- [Stored data]

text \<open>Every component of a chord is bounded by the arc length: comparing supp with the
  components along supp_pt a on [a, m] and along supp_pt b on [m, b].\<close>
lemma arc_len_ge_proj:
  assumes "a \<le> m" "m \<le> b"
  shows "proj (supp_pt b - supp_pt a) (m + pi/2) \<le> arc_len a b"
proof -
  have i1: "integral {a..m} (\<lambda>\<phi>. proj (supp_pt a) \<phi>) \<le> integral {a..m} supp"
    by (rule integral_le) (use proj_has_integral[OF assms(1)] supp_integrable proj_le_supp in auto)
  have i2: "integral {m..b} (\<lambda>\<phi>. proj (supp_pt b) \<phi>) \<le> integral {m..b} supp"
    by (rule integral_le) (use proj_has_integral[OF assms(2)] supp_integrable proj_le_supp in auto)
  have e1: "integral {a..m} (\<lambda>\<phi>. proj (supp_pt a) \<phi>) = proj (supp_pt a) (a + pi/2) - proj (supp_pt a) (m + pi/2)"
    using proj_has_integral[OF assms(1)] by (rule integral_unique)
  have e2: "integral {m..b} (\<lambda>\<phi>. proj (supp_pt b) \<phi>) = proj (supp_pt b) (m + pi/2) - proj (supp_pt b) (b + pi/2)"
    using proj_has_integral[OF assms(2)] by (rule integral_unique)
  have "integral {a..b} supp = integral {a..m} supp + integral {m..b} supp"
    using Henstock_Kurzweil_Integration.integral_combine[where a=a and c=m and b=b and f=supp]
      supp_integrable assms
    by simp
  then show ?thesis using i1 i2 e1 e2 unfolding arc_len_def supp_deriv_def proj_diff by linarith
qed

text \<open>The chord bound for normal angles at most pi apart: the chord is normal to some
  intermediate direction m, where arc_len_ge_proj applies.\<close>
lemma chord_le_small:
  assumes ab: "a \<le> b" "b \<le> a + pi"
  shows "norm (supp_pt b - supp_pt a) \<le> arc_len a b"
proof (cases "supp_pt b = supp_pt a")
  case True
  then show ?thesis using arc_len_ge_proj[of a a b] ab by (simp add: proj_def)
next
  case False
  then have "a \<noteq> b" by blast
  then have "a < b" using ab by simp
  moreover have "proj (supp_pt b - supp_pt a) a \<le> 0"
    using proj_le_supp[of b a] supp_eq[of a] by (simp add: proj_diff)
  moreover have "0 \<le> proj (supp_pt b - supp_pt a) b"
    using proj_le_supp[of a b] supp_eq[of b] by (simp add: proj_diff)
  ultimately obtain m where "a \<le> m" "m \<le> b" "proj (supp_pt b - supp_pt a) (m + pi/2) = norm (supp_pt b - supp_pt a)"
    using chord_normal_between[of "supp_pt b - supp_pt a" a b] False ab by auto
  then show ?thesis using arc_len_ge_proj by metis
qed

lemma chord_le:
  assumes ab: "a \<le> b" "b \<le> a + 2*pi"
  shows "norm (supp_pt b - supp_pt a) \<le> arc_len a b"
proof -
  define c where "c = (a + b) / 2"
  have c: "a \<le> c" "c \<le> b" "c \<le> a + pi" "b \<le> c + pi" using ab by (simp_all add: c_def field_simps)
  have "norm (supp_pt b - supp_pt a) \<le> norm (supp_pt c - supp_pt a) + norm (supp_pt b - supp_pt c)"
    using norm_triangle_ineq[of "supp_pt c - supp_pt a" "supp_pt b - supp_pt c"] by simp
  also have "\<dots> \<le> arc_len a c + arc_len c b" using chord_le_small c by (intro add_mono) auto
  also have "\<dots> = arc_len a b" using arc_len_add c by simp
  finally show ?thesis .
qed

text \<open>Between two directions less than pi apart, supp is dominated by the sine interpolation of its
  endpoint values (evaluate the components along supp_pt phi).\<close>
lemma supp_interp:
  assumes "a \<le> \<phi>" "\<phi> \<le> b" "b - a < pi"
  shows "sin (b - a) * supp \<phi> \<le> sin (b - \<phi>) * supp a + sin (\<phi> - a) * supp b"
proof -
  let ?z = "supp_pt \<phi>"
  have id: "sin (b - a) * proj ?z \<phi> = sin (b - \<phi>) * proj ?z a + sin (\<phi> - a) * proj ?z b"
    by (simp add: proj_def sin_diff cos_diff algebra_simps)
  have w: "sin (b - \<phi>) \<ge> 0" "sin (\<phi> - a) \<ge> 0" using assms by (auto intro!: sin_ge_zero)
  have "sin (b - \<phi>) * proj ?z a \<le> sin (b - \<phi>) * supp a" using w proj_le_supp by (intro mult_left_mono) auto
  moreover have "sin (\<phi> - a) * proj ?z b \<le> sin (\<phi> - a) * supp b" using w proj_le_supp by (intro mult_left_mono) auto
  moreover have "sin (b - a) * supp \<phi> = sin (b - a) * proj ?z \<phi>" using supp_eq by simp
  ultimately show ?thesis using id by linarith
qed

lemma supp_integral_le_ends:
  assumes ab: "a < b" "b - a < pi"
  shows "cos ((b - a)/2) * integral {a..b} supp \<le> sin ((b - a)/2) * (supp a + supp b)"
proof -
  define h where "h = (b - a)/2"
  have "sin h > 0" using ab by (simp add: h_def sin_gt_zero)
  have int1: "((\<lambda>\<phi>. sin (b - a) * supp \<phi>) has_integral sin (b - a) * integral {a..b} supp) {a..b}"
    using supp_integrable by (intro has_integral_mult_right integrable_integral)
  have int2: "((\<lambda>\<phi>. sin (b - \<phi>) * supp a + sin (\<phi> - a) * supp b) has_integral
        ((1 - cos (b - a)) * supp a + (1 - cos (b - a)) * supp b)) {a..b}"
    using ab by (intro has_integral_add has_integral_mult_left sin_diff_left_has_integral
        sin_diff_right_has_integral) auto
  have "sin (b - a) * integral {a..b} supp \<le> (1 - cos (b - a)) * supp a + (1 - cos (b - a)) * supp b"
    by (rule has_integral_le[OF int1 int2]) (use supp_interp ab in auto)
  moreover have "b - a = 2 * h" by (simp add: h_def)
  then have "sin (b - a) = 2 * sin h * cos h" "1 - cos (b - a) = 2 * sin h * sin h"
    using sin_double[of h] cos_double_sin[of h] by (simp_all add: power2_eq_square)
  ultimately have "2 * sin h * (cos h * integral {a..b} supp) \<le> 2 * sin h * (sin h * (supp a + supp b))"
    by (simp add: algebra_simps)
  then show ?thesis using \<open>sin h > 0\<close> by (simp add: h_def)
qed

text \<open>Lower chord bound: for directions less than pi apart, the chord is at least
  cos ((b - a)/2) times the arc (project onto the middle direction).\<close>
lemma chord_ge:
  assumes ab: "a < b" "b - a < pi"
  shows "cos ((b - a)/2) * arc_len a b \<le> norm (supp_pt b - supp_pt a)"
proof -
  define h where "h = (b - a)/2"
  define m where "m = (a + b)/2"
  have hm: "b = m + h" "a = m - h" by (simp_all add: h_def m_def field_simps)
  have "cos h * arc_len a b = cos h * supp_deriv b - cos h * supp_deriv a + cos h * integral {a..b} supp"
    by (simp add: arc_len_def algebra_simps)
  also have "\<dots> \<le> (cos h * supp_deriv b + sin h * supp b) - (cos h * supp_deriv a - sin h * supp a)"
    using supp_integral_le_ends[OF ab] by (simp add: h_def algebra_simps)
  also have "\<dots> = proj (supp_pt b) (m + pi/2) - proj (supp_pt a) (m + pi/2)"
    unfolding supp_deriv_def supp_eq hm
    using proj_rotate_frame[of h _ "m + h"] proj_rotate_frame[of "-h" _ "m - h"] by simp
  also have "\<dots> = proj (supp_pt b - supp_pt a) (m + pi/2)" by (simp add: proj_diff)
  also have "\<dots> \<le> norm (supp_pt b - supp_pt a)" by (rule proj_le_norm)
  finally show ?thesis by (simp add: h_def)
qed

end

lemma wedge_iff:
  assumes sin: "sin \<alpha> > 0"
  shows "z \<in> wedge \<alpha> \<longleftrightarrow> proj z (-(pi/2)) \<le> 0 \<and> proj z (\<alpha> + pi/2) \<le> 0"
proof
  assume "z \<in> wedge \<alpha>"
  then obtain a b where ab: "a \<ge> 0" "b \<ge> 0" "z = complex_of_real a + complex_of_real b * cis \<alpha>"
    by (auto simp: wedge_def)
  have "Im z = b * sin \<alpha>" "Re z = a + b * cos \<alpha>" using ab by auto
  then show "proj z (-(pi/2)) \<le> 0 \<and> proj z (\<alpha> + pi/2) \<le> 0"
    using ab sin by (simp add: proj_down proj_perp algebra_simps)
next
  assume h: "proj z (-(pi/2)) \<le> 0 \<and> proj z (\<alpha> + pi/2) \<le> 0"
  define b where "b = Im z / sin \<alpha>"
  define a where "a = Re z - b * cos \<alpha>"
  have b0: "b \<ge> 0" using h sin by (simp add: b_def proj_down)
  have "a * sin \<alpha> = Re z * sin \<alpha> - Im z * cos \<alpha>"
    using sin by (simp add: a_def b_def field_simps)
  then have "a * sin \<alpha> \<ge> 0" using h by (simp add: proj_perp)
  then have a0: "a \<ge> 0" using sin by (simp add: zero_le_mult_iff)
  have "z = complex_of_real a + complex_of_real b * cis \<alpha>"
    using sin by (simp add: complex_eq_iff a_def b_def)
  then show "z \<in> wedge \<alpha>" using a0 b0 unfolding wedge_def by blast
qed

- [What you need to do]
What lines in the records above include the string "rule"? Copy each one.

- [Exercise result]
    by (rule integral_le) (use proj_has_integral[OF assms(1)] supp_integrable proj_le_supp in auto)
    by (rule integral_le) (use proj_has_integral[OF assms(2)] supp_integrable proj_le_supp in auto)
    using proj_has_integral[OF assms(1)] by (rule integral_unique)
    using proj_has_integral[OF assms(2)] by (rule integral_unique)
    by (rule has_integral_le[OF int1 int2]) (use supp_interp ab in auto)
  also have "\<dots> \<le> norm (supp_pt b - supp_pt a)" by (rule proj_le_norm)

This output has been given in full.